In the moments after Mike Carter is declared dead, there will be no time to lose.
By the time the retired engineer takes his final breath there will be a group of people who will be at his bedside, ready to whirr into action.
His family will be by his side, and, depending on the circumstances and location, a nurse or doctor will be nearby.
When the Welshman dies, a team of volunteers from all around the UK will descend with haste on his final resting place.
If it all goes to plan, they will have been there for days before he dies, swapping work shifts and skipping holidays to ensure they don’t miss the pivotal moment, reports Wales Online .
That’s because, for them, the first minutes after death are vital.
As soon as the father-of-two is officially declared dead the group will waste no time in putting his body on life support. To the untrained eye it might seem as though the group are trying to revive the Cardiff man.
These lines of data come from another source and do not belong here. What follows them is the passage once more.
lemma card_pairs_mult_mem:
  fixes H :: "'a::{field,finite} set"
  assumes "0 \<in> H"
  shows "card {(u, v). u * v \<in> H} = card (UNIV :: 'a set) + (card (UNIV :: 'a set) - 1) * card H"
proof -
  have fiber: "card {v. u * v \<in> H} = card H" if "u \<noteq> 0" for u :: 'a
  proof -
    have "{v. u * v \<in> H} = (\<lambda>h. h / u) ` H"
      using that by (force simp: field_simps)
    then show ?thesis using that by (simp add: card_image inj_on_def)
  qed
  have "{(u, v). u * v \<in> H} = (SIGMA u:UNIV. {v. u * v \<in> H})" by auto
  then have "card {(u, v). u * v \<in> H} = (\<Sum>u\<in>UNIV. card {v. u * v \<in> H})" by simp
  also have "\<dots> = card {v. 0 * v \<in> H} + (\<Sum>u\<in>UNIV - {0}. card {v. u * v \<in> H})"
    by (rule sum.remove) simp_all
  also have "\<dots> = card (UNIV :: 'a set) + (card (UNIV :: 'a set) - 1) * card H"
    using assms by (simp add: fiber card_Diff_subset)
  finally show ?thesis .
qed

lemma sq_three_mult_sub_le:
  fixes a b c q :: real
  assumes sum: "a + b + c = q" and sum_squares: "3 * (a ^ 2 + b ^ 2 + c ^ 2) = 3 * q + (q - 1) * q"
  shows "(3 * a - q) ^ 2 \<le> 4 * q"
proof -
  have "(3 * a - q) ^ 2 + 3 * (b - c) ^ 2 = 2 * (3 * (a ^ 2 + b ^ 2 + c ^ 2)) - 2 * q ^ 2"
    unfolding sum[symmetric] by (simp add: power2_eq_square algebra_simps)
  also have "\<dots> = 4 * q"
    unfolding sum_squares by (simp add: power2_eq_square algebra_simps)
  finally show ?thesis
    using zero_le_power2[of "b - c"] by linarith
qed

(* Both moments count y, resp. pairs (y, z) with y^2 - z^2 : H, according to the cosets of y^2
   and z^2; the pairs are counted a second time through (y, z) |-> (y - z, y + z). *)
lemma card_squares_in_additive_cosets:
  fixes H :: "'a::{field,finite} set"
  assumes two: "(2::'a) \<noteq> 0" and H: "additive_subgroup H"
  shows "(\<Sum>C\<in>range (\<lambda>w. {x. x - w \<in> H}). card {y. y ^ 2 \<in> C}) = card (UNIV :: 'a set)"
    and "(\<Sum>C\<in>range (\<lambda>w. {x. x - w \<in> H}). card {y. y ^ 2 \<in> C} ^ 2) =
      card (UNIV :: 'a set) + (card (UNIV :: 'a set) - 1) * card H"
proof -
  define coset where "coset w = {x. x - w \<in> H}" for w :: 'a
  have count: "card {y. y ^ 2 \<in> C} = card {y. coset (y ^ 2) = C}" if "C \<in> range coset" for C
    using that additive_coset_eq_iff[OF H] by (auto simp: coset_def)
  have "(\<Sum>C\<in>range coset. card {y. y ^ 2 \<in> C}) = card (UNIV :: 'a set)"
    using card_eq_sum_card_fibers[of "range coset" "\<lambda>y. coset (y ^ 2)"] by (simp add: count)
  then show "(\<Sum>C\<in>range (\<lambda>w. {x. x - w \<in> H}). card {y. y ^ 2 \<in> C}) = card (UNIV :: 'a set)"
    by (simp add: coset_def)
  have "(\<Sum>C\<in>range coset. card {y. y ^ 2 \<in> C} ^ 2) =
      (\<Sum>C\<in>range coset. card {y. coset (y ^ 2) = C} ^ 2)"
    by (intro sum.cong refl) (simp add: count)
  also have "\<dots> = card {(y, z). coset (y ^ 2) = coset (z ^ 2)}"
    by (rule card_pairs_same_image[symmetric]) auto
  also have "\<dots> = card {(y, z). y ^ 2 - z ^ 2 \<in> H}"
    by (simp add: coset_def additive_coset_eq_iff[OF H])
  also have "\<dots> = card {(u, v). u * v \<in> H}"
    by (rule card_pairs_diff_squares_mem[OF two])
  also have "\<dots> = card (UNIV :: 'a set) + (card (UNIV :: 'a set) - 1) * card H"
    by (rule card_pairs_mult_mem[OF additive_subgroup_zero[OF H]])
  finally show "(\<Sum>C\<in>range (\<lambda>w. {x. x - w \<in> H}). card {y. y ^ 2 \<in> C} ^ 2) =
      card (UNIV :: 'a set) + (card (UNIV :: 'a set) - 1) * card H"
    by (simp add: coset_def)
qed

lemma card_squares_in_index_three_subgroup_bound:
  fixes H :: "'a::{field,finite} set"
  assumes two: "(2::'a) \<noteq> 0" and H: "additive_subgroup H"
    and index: "card (UNIV :: 'a set) = 3 * card H"
  shows "(3 * real (card {y::'a. y ^ 2 \<in> H}) - real (card (UNIV :: 'a set))) ^ 2
    \<le> 4 * real (card (UNIV :: 'a set))"
proof -
  define q where "q = card (UNIV :: 'a set)"
  define n where "n C = card {y::'a. y ^ 2 \<in> C}" for C
  define cosets where "cosets = range (\<lambda>w. {x. x - w \<in> H})"
  have "H = {x. x - 0 \<in> H}" by simp
  then have "H \<in> cosets" unfolding cosets_def by (rule range_eqI)
  have "card H \<noteq> 0"
    using additive_subgroup_zero[OF H] by (auto simp: card_eq_0_iff)
  then have "card cosets = 3"
    using card_eq_card_additive_cosets_mult[OF H] index by (simp add: cosets_def)
  then have "card (cosets - {H}) = 2"
    using \<open>H \<in> cosets\<close> by simp
  then obtain C1 C2 where C: "cosets - {H} = {C1, C2}" "C1 \<noteq> C2"
    by (auto simp: card_2_iff)
  then have cosets: "cosets = {H, C1, C2}" and "H \<notin> {C1, C2}"
    using \<open>H \<in> cosets\<close> by auto
  have "(\<Sum>C\<in>{H, C1, C2}. n C) = q" "(\<Sum>C\<in>{H, C1, C2}. n C ^ 2) = q + (q - 1) * card H"
    using card_squares_in_additive_cosets[OF two H, folded cosets_def] unfolding cosets n_def q_def
    by simp_all
  then have sum: "n H + n C1 + n C2 = q" and "n H ^ 2 + n C1 ^ 2 + n C2 ^ 2 = q + (q - 1) * card H"
    using \<open>H \<notin> {C1, C2}\<close> C(2) by (simp_all add: add.assoc)
  then have "3 * (n H ^ 2 + n C1 ^ 2 + n C2 ^ 2) = 3 * q + (q - 1) * q"
    using index by (simp add: q_def algebra_simps)
  moreover have "1 \<le> q" using index \<open>card H \<noteq> 0\<close> unfolding q_def by linarith
  ultimately have sum_squares:
    "3 * (real (n H) ^ 2 + real (n C1) ^ 2 + real (n C2) ^ 2) = 3 * real q + (real q - 1) * real q"
    by (metis (mono_tags) of_nat_1 of_nat_add of_nat_diff of_nat_mult of_nat_power of_nat_numeral)
  have "real (n H) + real (n C1) + real (n C2) = real q"
    using sum by (metis of_nat_add)
  from sq_three_mult_sub_le[OF this sum_squares] show ?thesis
    by (simp add: n_def q_def)
qed

section \<open>Characteristic three\<close>

lemma two_neq_zero_if_three_eq_zero:
  assumes "(3::'a::field) = 0"
  shows "(2::'a) \<noteq> 0"
proof
  assume "(2::'a) = 0"
  moreover have "(3::'a) = 2 + 1" by simp
  ultimately show False using assms by simp
qed

lemma three_eq_zero_if_card_eq_power_three:
  assumes "card (UNIV :: 'a::{field,finite} set) = 3 ^ m"
  shows "(3::'a) = 0"
  using of_nat_card_UNIV_eq_0[where 'a = 'a] assms by simp

definition artin_schreier :: "'a::field \<Rightarrow> 'a" where
  "artin_schreier x = x ^ 3 - x"

lemma artin_schreier_diff:
  assumes "(3::'a::field) = 0"
  shows "artin_schreier (x - y) = artin_schreier x - artin_schreier (y::'a)"
proof -
  have "(x - y) ^ 3 = x ^ 3 - y ^ 3 - 3 * x * y * (x - y)"
    by (simp add: algebra_simps power3_eq_cube)
  with assms show ?thesis by (simp add: artin_schreier_def)
qed

lemma artin_schreier_eq_0_iff:
  "artin_schreier x = 0 \<longleftrightarrow> x = 0 \<or> x = 1 \<or> x = (-1::'a::field)"
proof -
  have "artin_schreier x = x * (x - 1) * (x + 1)"
    by (simp add: artin_schreier_def algebra_simps power3_eq_cube)
  then show ?thesis by (auto simp: eq_neg_iff_add_eq_0)
qed

lemma card_artin_schreier_fiber:
  assumes three: "(3::'a::field) = 0"
  shows "card {y. artin_schreier y = artin_schreier (x::'a)} = 3"
proof -
  have "artin_schreier y = artin_schreier x \<longleftrightarrow> y = x \<or> y = x + 1 \<or> y = x - 1" for y
  proof -
    have "artin_schreier y = artin_schreier x \<longleftrightarrow> artin_schreier (y - x) = 0"
      by (simp add: artin_schreier_diff[OF three])
    also have "\<dots> \<longleftrightarrow> y - x = 0 \<or> y - x = 1 \<or> y - x = -1"
      by (rule artin_schreier_eq_0_iff)
    also have "\<dots> \<longleftrightarrow> y = x \<or> y = x + 1 \<or> y = x - 1"
      by (auto simp: algebra_simps)
    finally show ?thesis .
  qed
  then have "{y. artin_schreier y = artin_schreier x} = {x, x + 1, x - 1}"
    by blast
  moreover have "x + 1 \<noteq> x - 1"
  proof
    assume "x + 1 = x - 1"
    then have "(2::'a) = 0" by (simp add: algebra_simps)
    with two_neq_zero_if_three_eq_zero[OF three] show False ..
  qed
  ultimately show ?thesis by simp
qed

lemma card_UNIV_eq_three_mult_card_range_artin_schreier:
  assumes "(3::'a::{field,finite}) = 0"
  shows "card (UNIV :: 'a set) = 3 * card (range (artin_schreier :: 'a \<Rightarrow> 'a))"
  by (rule card_eq_card_fiber_mult[OF card_artin_schreier_fiber[OF assms]])

lemma additive_subgroup_range_artin_schreier:
  assumes "(3::'a::field) = 0"
  shows "additive_subgroup (range (artin_schreier :: 'a \<Rightarrow> 'a))"
  unfolding additive_subgroup_def
proof safe
  show "0 \<in> range (artin_schreier :: 'a \<Rightarrow> 'a)"
    using artin_schreier_eq_0_iff[of "0::'a"] by (metis rangeI)
  show "artin_schreier x - artin_schreier y \<in> range artin_schreier" for x y :: 'a
    by (metis artin_schreier_diff[OF assms] rangeI)
qed

lemma sum_quad_char_artin_schreier:
  assumes three: "(3::'a::{field,finite}) = 0"
  shows "(\<Sum>x\<in>UNIV. quad_char (artin_schreier (x::'a))) =
    3 * int (card {y::'a. y ^ 2 \<in> range artin_schreier}) - int (card (UNIV :: 'a set))"
proof -
  have "(\<Sum>x\<in>UNIV. quad_char (artin_schreier (x::'a))) =
      3 * (\<Sum>h\<in>range artin_schreier. quad_char (h::'a))"
    using sum_comp_eq_card_fiber_mult[OF card_artin_schreier_fiber[OF three]] by simp
  also have "\<dots> = 3 * (int (card {y::'a. y ^ 2 \<in> range artin_schreier})
      - int (card (range (artin_schreier :: 'a \<Rightarrow> 'a))))"
    by (simp add: sum_quad_char_eq[OF two_neq_zero_if_three_eq_zero[OF three]])
  finally show ?thesis
    by (simp add: card_UNIV_eq_three_mult_card_range_artin_schreier[OF three])
qed

lemma card_consecutive_nonzero_squares_char_three:
  assumes three: "(3::'a::{field,finite}) = 0"
  shows "8 * int (card {x::'a. x \<in> nonzero_squares \<and> x + 1 \<in> nonzero_squares
      \<and> x - 1 \<in> nonzero_squares}) \<le> 3 * int (card {y::'a. y ^ 2 \<in> range artin_schreier}) - 3"
  using card_consecutive_nonzero_squares_le[OF two_neq_zero_if_three_eq_zero[OF three]]
    sum_quad_char_artin_schreier[OF three]
  by (simp add: artin_schreier_def)

theorem lemma5:
  assumes "(m::nat) \<ge> 1"
    and "card (UNIV :: 'a::{field,finite} set) = 3 ^ m"
  shows "real (card {x :: 'a. x \<noteq> 0 \<and> x \<in> nonzero_squares \<and> x + 1 \<in> nonzero_squares
                    \<and> x - 1 \<in> nonzero_squares})
         \<le> (real (card (UNIV :: 'a set)) + 2 * sqrt (real (card (UNIV :: 'a set))) + 9) / 8"
proof -
  have three: "(3::'a) = 0" by (rule three_eq_zero_if_card_eq_power_three[OF assms(2)])
  let ?N = "{x::'a. x \<in> nonzero_squares \<and> x + 1 \<in> nonzero_squares \<and> x - 1 \<in> nonzero_squares}"
  define q where "q = real (card (UNIV :: 'a set))"
  define s where "s = real (card {y::'a. y ^ 2 \<in> range artin_schreier})"
  have "(3 * s - q) ^ 2 \<le> 4 * q"
    unfolding s_def q_def
    by (rule card_squares_in_index_three_subgroup_bound[OF two_neq_zero_if_three_eq_zero[OF three]
          additive_subgroup_range_artin_schreier[OF three]
          card_UNIV_eq_three_mult_card_range_artin_schreier[OF three]])
  then have "3 * s - q \<le> 2 * sqrt q"
    using real_le_rsqrt[of "3 * s - q" "4 * q"] by (simp add: real_sqrt_mult)
  moreover have "real_of_int (8 * int (card ?N)) \<le>
      real_of_int (3 * int (card {y::'a. y ^ 2 \<in> range artin_schreier}) - 3)"
    unfolding of_int_le_iff by (rule card_consecutive_nonzero_squares_char_three[OF three])
  moreover have "{x :: 'a. x \<noteq> 0 \<and> x \<in> nonzero_squares \<and> x + 1 \<in> nonzero_squares
      \<and> x - 1 \<in> nonzero_squares} = ?N"
    by (auto simp: nonzero_squares_def)
  ultimately show ?thesis unfolding q_def s_def by simp
qed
Their aim, after all, is to make sure oxygen continues to flow, preventing any irreversible brain damage from taking place.
In reality it is the first step in a journey which will continue for dozens, if not hundreds, of years – ending if and when technology becomes available to reanimate his body once more.
Until that time Mike will stay in a cylinder of -196C liquid nitrogen thousands of miles away.
Welcome to the fascinating world of cryonics – and those willing to take a chance on it.
"I just googled cryogenics and then eventually came across the term cryonics. Then I found Cryonics UK," Mike explains, absently stroking the ear of the south Asian rescue dog at his side.
"I went to a couple of meetings, got in touch with one of cryonics providers in the US, and eventually I thought: 'I don’t think it will work but what have I got to lose?'
"Ten years ago I would say to you it’s a heck of a long shot. I think now I would say it’s a bit of a long shot. So much has happened in the meantime I think you never know – there’s a chance."
For the last 10 years or so Mike has been a key member of Cryonics UK. A registered charity since 1991, their number is made of up of members of all vocations, ages, and walks of life.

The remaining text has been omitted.